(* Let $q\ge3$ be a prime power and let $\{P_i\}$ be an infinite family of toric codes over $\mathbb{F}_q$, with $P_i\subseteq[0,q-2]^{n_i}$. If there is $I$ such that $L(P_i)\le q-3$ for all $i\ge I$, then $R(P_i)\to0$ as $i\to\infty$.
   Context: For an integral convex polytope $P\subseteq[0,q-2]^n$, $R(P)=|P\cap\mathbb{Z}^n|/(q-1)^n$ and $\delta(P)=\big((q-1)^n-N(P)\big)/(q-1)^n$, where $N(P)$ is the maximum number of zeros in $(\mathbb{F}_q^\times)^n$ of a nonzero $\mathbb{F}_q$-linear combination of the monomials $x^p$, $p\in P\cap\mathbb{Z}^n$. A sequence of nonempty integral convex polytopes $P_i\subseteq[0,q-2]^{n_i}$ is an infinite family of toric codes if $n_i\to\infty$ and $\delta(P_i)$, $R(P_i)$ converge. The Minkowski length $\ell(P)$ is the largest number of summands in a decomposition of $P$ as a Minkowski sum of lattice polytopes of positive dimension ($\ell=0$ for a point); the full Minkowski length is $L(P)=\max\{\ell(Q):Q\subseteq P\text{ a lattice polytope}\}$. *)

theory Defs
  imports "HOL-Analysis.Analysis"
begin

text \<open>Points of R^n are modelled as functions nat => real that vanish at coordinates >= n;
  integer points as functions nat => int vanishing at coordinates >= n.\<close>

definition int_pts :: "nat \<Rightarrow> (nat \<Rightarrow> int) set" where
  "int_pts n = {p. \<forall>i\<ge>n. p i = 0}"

[The task]:
From the line containing "integer points as" down to the last line of the data above, copy every line exactly; leave out all other lines.

[Answer]:
  integer points as functions nat => int vanishing at coordinates >= n.\<close>

definition int_pts :: "nat \<Rightarrow> (nat \<Rightarrow> int) set" where
  "int_pts n = {p. \<forall>i\<ge>n. p i = 0}"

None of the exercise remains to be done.